That's the title of this article by Constance Bagley, Joshua Mitts, and Richard Tinsley. The article deals with concerns about last year's Caronia decision, where the Second Circuit ditched the misdemeanor conviction of a drug company
prescription drug representative, saying that his promotion of one of
the company's products was protected by the First Amendment. (Go here for more info on Caronia.) Here's the abstract:
The
Second Circuit's December 2012 decision in United States v. Caronia
striking down the prohibition on off-label marketing of pharmaceutical
drugs has profound implications for economic regulation in general,
calling into question the constitutionality of restrictions on the offer
and sale of securities under the Securities Act of 1933, the
solicitation of shareholder proxies and periodic reporting under the
Securities Exchange Act of 1934, mandatory labels on food, tobacco, and
pesticides, and a wide range of privacy protections. In this Article we
suggest that Caronia misconstrues the Court's holding in Sorrell v. IMS
Health, which was motivated by concerns of favoring one industry
participant over another rather than a desire to return to the
anti-regulator fervor of the Lochner era. Reexamining the theoretical
justification for limiting truthful commercial speech shows that a more
nuanced approach to regulating off-label marketing with the purpose of
promoting public health and safety would pass constitutional muster.
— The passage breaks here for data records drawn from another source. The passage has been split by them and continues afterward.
lemma dval_neg_iff_count:
  assumes m: "1 \<le> m"
    and b_dec: "\<And>i j. 1 \<le> i \<Longrightarrow> i < j \<Longrightarrow> j \<le> m \<Longrightarrow> b i > b j"
    and nonzero: "\<And>i k. i \<in> {1..m} \<Longrightarrow> k \<in> {1..m} \<Longrightarrow> b i + c k - a2 \<noteq> 0"
  shows "(\<forall>i\<in>{1..m}. dval m a2 b c i < 0) \<longleftrightarrow> (\<forall>i\<in>{1..m}. count_below m c (a2 - b i) = i)"
proof -
  define N where "N i = count_below m c (a2 - b i)" for i
  have sign: "dval m a2 b c i < 0 \<longleftrightarrow> odd (i - 1 + N i)" if "i \<in> {1..m}" for i
    using sgn_dval[OF b_dec nonzero that] unfolding N_def
    by (simp add: sgn_1_neg[symmetric] minus_one_power_iff)
  have mono: "N i \<le> N (Suc i)" if "1 \<le> i" "i < m" for i
    unfolding N_def using b_dec[of i "Suc i"] that by (intro count_below_mono) simp
  show ?thesis
  proof
    assume neg: "\<forall>i\<in>{1..m}. dval m a2 b c i < 0"
    have step: "N i < N (Suc i)" if "1 \<le> i" "i < m" for i
    proof -
      have "odd (i - 1 + N i)" "odd (i + N (Suc i))"
        using sign[of i] sign[of "Suc i"] neg that by auto
      then have "N i \<noteq> N (Suc i)" using \<open>1 \<le> i\<close> by presburger
      then show ?thesis using mono[OF that] by simp
    qed
    have low: "1 \<le> N 1" using sign[of 1] neg m by (cases "N 1") auto
    have high: "N m \<le> 1 + (m - 1)" using count_below_le[of m c "a2 - b m"] m unfolding N_def by simp
    have "N i = 1 + (i - 1)" if "i \<in> {1..m}" for i
      using increasing_nat_seq_squeezed[OF step low high that] .
    then show "\<forall>i\<in>{1..m}. count_below m c (a2 - b i) = i" unfolding N_def by simp
  next
    assume "\<forall>i\<in>{1..m}. count_below m c (a2 - b i) = i"
    then show "\<forall>i\<in>{1..m}. dval m a2 b c i < 0" using sign unfolding N_def by auto
  qed
qed

lemma condI_antidiagonal:
  assumes "1 \<le> m"
  shows "condI m a2 b c \<longleftrightarrow>
    (\<forall>i\<in>{1..m}. a2 < b i + c (m + 1 - i) \<and> (1 < i \<longrightarrow> b i + c (m + 2 - i) < a2))"
proof
  assume C: "condI m a2 b c"
  show "\<forall>i\<in>{1..m}. a2 < b i + c (m + 1 - i) \<and> (1 < i \<longrightarrow> b i + c (m + 2 - i) < a2)"
  proof
    fix i assume i: "i \<in> {1..m}"
    show "a2 < b i + c (m + 1 - i) \<and> (1 < i \<longrightarrow> b i + c (m + 2 - i) < a2)"
    proof (cases "i = 1")
      case True
      then show ?thesis using C unfolding condI_def by simp
    next
      case False
      then have "m + 1 - i \<in> {1..m-1}" "m + 1 - (m + 1 - i) = i" "m + 1 - i + 1 = m + 2 - i"
        using i by auto
      then show ?thesis using C unfolding condI_def by metis
    qed
  qed
next
  assume A: "\<forall>i\<in>{1..m}. a2 < b i + c (m + 1 - i) \<and> (1 < i \<longrightarrow> b i + c (m + 2 - i) < a2)"
  have "b (m + 1 - j) + c j > a2 \<and> a2 > b (m + 1 - j) + c (j + 1)" if j: "j \<in> {1..m-1}" for j
  proof -
    have "m + 1 - j \<in> {1..m}" "1 < m + 1 - j" "m + 1 - (m + 1 - j) = j" "m + 2 - (m + 1 - j) = j + 1"
      using j by auto
    then show ?thesis using A by metis
  qed
  moreover have "b 1 + c m > a2" using A[rule_format, of 1] \<open>1 \<le> m\<close> by simp
  ultimately show "condI m a2 b c" unfolding condI_def by blast
qed

lemma condII_antidiagonal:
  assumes "1 \<le> m"
  shows "condII m a2 b c \<longleftrightarrow>
    (\<forall>i\<in>{1..m}. (i < m \<longrightarrow> a2 < b i + c (m - i)) \<and> b i + c (m + 1 - i) < a2)"
  unfolding condII_def using assms by (auto simp: Ball_def less_Suc_eq_le le_eq_less_or_eq)

lemma condI_iff_count:
  assumes m: "1 \<le> m"
    and c_dec: "\<And>i j. 1 \<le> i \<Longrightarrow> i < j \<Longrightarrow> j \<le> m \<Longrightarrow> c i > c j"
    and nonzero: "\<And>i k. i \<in> {1..m} \<Longrightarrow> k \<in> {1..m} \<Longrightarrow> b i + c k - a2 \<noteq> 0"
  shows "condI m a2 b c \<longleftrightarrow> (\<forall>i\<in>{1..m}. count_below m c (a2 - b i) = i - 1)"
proof -
  have "count_below m c (a2 - b i) = i - 1 \<longleftrightarrow>
      a2 < b i + c (m + 1 - i) \<and> (1 < i \<longrightarrow> b i + c (m + 2 - i) < a2)" if i: "i \<in> {1..m}" for i
  proof -
    have ne: "c k \<noteq> a2 - b i" if "k \<in> {1..m}" for k using nonzero[OF i that] by auto
    from count_below_eq_iff[where t = "a2 - b i" and n = "i - 1", OF c_dec ne] show ?thesis
      using i by (auto simp: Suc_diff_le numeral_2_eq_2)
  qed
  then show ?thesis unfolding condI_antidiagonal[OF m] by auto
qed

lemma condII_iff_count:
  assumes m: "1 \<le> m"
    and c_dec: "\<And>i j. 1 \<le> i \<Longrightarrow> i < j \<Longrightarrow> j \<le> m \<Longrightarrow> c i > c j"
    and nonzero: "\<And>i k. i \<in> {1..m} \<Longrightarrow> k \<in> {1..m} \<Longrightarrow> b i + c k - a2 \<noteq> 0"
  shows "condII m a2 b c \<longleftrightarrow> (\<forall>i\<in>{1..m}. count_below m c (a2 - b i) = i)"
proof -
  have "count_below m c (a2 - b i) = i \<longleftrightarrow>
      (i < m \<longrightarrow> a2 < b i + c (m - i)) \<and> b i + c (m + 1 - i) < a2" if i: "i \<in> {1..m}" for i
  proof -
    have ne: "c k \<noteq> a2 - b i" if "k \<in> {1..m}" for k using nonzero[OF i that] by auto
    from count_below_eq_iff[where t = "a2 - b i" and n = i, OF c_dec ne] show ?thesis using i by auto
  qed
  then show ?thesis unfolding condII_antidiagonal[OF m] by auto
qed

lemma sum_antidiagonal:
  fixes b c :: "nat \<Rightarrow> 'a::comm_monoid_add"
  shows "(\<Sum>i=1..m. b i + c (m + 1 - i)) = (\<Sum>i=1..m. b i + c i)"
  using sum.atLeastAtMost_rev[of c 1 m] by (simp add: sum.distrib)

lemma condI_imp_gt:
  assumes m: "1 \<le> m" and "condI m a2 b c"
    and trace: "a1 + (real m - 1) * a2 = (\<Sum>i=1..m. b i + c i)"
  shows "a2 < a1"
proof -
  have "(\<Sum>i=1..m. a2) < (\<Sum>i=1..m. b i + c (m + 1 - i))"
    using m assms(2) unfolding condI_antidiagonal[OF m] by (intro sum_strict_mono) auto
  then show ?thesis using trace unfolding sum_antidiagonal by (simp add: algebra_simps)
qed

lemma condII_imp_lt:
  assumes m: "1 \<le> m" and "condII m a2 b c"
    and trace: "a1 + (real m - 1) * a2 = (\<Sum>i=1..m. b i + c i)"
  shows "a1 < a2"
proof -
  have "(\<Sum>i=1..m. b i + c (m + 1 - i)) < (\<Sum>i=1..m. a2)"
    using m assms(2) unfolding condII_antidiagonal[OF m] by (intro sum_strict_mono) auto
  then show ?thesis using trace unfolding sum_antidiagonal by (simp add: algebra_simps)
qed

theorem theorem2p7:
  fixes m :: nat and a1 a2 :: real and b c :: "nat \<Rightarrow> real"
    and v :: "nat \<Rightarrow> nat \<Rightarrow> real"
    and F :: "(nat \<Rightarrow> real) \<Rightarrow> (nat \<Rightarrow> real) \<Rightarrow> real"
  assumes m2: "m \<ge> 2"
    and a_ne: "a1 \<noteq> a2"
    and b_dec: "\<And>i j. 1 \<le> i \<Longrightarrow> i < j \<Longrightarrow> j \<le> m \<Longrightarrow> b i > b j"
    and c_dec: "\<And>i j. 1 \<le> i \<Longrightarrow> i < j \<Longrightarrow> j \<le> m \<Longrightarrow> c i > c j"
    and trace: "a1 + (real m - 1) * a2 = (\<Sum>i=1..m. b i + c i)"
    and nonzero: "\<And>i k. i \<in> {1..m} \<Longrightarrow> k \<in> {1..m} \<Longrightarrow> b i + c k - a2 \<noteq> 0"
    and v_sp: "\<And>i. i \<in> {1..m} \<Longrightarrow> v i \<in> vsp m"
    and v_eig: "\<And>i. i \<in> {1..m} \<Longrightarrow> matvec m (Bmat m a2 b c) (v i) = (\<lambda>k. b i * v i k)"
    and v_one: "\<And>i. i \<in> {1..m} \<Longrightarrow> v i i = 1"
    and v_zero: "\<And>i k. i \<in> {1..m} \<Longrightarrow> i < k \<Longrightarrow> v i k = 0"
    and F_bil: "sym_bilinear_on m F"
    and F_orth: "\<And>i j. i \<in> {1..m} \<Longrightarrow> j \<in> {1..m} \<Longrightarrow> i \<noteq> j \<Longrightarrow> F (v i) (v j) = 0"
    and F_diag: "\<And>i. i \<in> {1..m} \<Longrightarrow> F (v i) (v i) = dval m a2 b c i"
  shows "(pos_definite_on m F \<or> neg_definite_on m F \<longleftrightarrow> condI m a2 b c \<or> condII m a2 b c)
    \<and> (pos_definite_on m F \<longrightarrow> a1 > a2)
    \<and> (neg_definite_on m F \<longrightarrow> a1 < a2)
    \<and> (condI m a2 b c \<longrightarrow> a1 > a2)
    \<and> (condII m a2 b c \<longrightarrow> a1 < a2)"
proof -
  have m: "1 \<le> m" using m2 by simp
  have "pos_definite_on m F \<longleftrightarrow> (\<forall>i\<in>{1..m}. 0 < dval m a2 b c i)"
    using pos_definite_on_iff_orthogonal_basis[OF F_bil v_sp v_one v_zero F_orth] F_diag by simp
  also have "\<dots> \<longleftrightarrow> condI m a2 b c"
    using dval_pos_iff_count[OF m b_dec nonzero] condI_iff_count[OF m c_dec nonzero] by simp
  finally have pos: "pos_definite_on m F \<longleftrightarrow> condI m a2 b c" .
  have "neg_definite_on m F \<longleftrightarrow> (\<forall>i\<in>{1..m}. dval m a2 b c i < 0)"
    unfolding neg_definite_on_iff_uminus
    using pos_definite_on_iff_orthogonal_basis[OF sym_bilinear_on_uminus[OF F_bil] v_sp v_one v_zero]
      F_orth F_diag by simp
  also have "\<dots> \<longleftrightarrow> condII m a2 b c"
    using dval_neg_iff_count[OF m b_dec nonzero] condII_iff_count[OF m c_dec nonzero] by simp
  finally have neg: "neg_definite_on m F \<longleftrightarrow> condII m a2 b c" .
  show ?thesis
    using pos neg condI_imp_gt[OF m _ trace] condII_imp_lt[OF m _ trace] by blast
qed

end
We
argue that as long as the government has a rational basis for subjecting
a particular industry to limits on commercial speech intended to
further a legitimate public interest rather than unfounded paternalism
and does not discriminate against disfavored industry participants,
those limits should be subject to intermediate scrutiny under the
Central Hudson standard. Finally, we critique the FDA’s 2011 Draft
Guidance for Responding to Unsolicited Requests for Off-Label
Information and present a proposal for new rules for regulating the
off-label marketing of pharmaceutical drugs based on transparency, the
sophistication of the listener and the type of information offered, and
the requirement that the pharmaceutical company comply with ongoing
duties of training, monitoring, reporting, and auditing.